lemma act_Cons [simp]: "act (l # w) N = act_letter l (act w N)"
  by (simp add: act_def)

lemma act_append [simp]: "act (x @ y) N = act x (act y N)"
  by (simp add: act_def)

lemma act_D: "act (D v a) (g, segs) = (foldr red_cons a g, segs)"
  by (induction a) auto

lemma valid_nf_empty: "valid_nf s ([], [])"
  by (simp add: valid_nf_def gword_def)

lemma valid_act_letter_Edge:
  assumes "ge2 t" "valid_nf s N"
  shows "valid_nf t (act_letter (Edge t s) N)"
proof -
  obtain g0 segs where N_eq: "N = (g0, segs)"
    by force
  define P where "P = (\<lambda>p::'a \<times> bool. fst p < min t s)"
  have N: "reduced g0" "gword s g0" "valid_segs s segs"
    using assms(2) N_eq by (auto simp: valid_nf_def)
  show ?thesis
  proof (cases "dropWhile P g0 = [] \<and> segs \<noteq> [] \<and> fst (hd segs) = t")
    case True
    then obtain g1 rest where segs: "segs = (t, g1) # rest"
      by (cases segs) auto
    have small: "\<forall>p\<in>set g0. P p"
      using True by simp
    have g1: "reduced g1" "gword t g1" "g1 \<noteq> [] \<longrightarrow> min s t \<le> fst (hd g1)" "valid_segs t rest"
      using N segs by auto
    have "reduced (g0 @ g1)"
    proof (rule reduced_append[OF N(1) g1(1)])
      assume "g0 \<noteq> []" "g1 \<noteq> []"
      then show "hd g1 \<noteq> gen_inv (last g0)"
        using small g1(3) unfolding P_def by (metis fst_gen_inv last_in_set min.commute not_le)
    qed
    moreover have "gword t (g0 @ g1)"
      using small g1(2) unfolding gword_def P_def by auto
    ultimately show ?thesis
      using True segs g1 N_eq by (auto simp: valid_nf_def P_def)
  next
    case False
    have "gword t (takeWhile P g0)" "gword s (dropWhile P g0)"
      using N(2) unfolding gword_def P_def by (auto dest: set_takeWhileD set_dropWhileD)
    moreover have "dropWhile P g0 \<noteq> [] \<longrightarrow> min t s \<le> fst (hd (dropWhile P g0))"
      using hd_dropWhile[of P g0] unfolding P_def by (simp add: not_less min_le_iff_disj)
    ultimately show ?thesis
      using False N N_eq by (auto simp: valid_nf_def P_def reduced_takeWhile reduced_dropWhile)
  qed
qed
***
§ **EXERCISE INSTRUCTIONS**:
If a line contains the string "small", include it in the tally; report the final tally for the whole listing and nothing else.

§ **TASK SOLUTION**:
3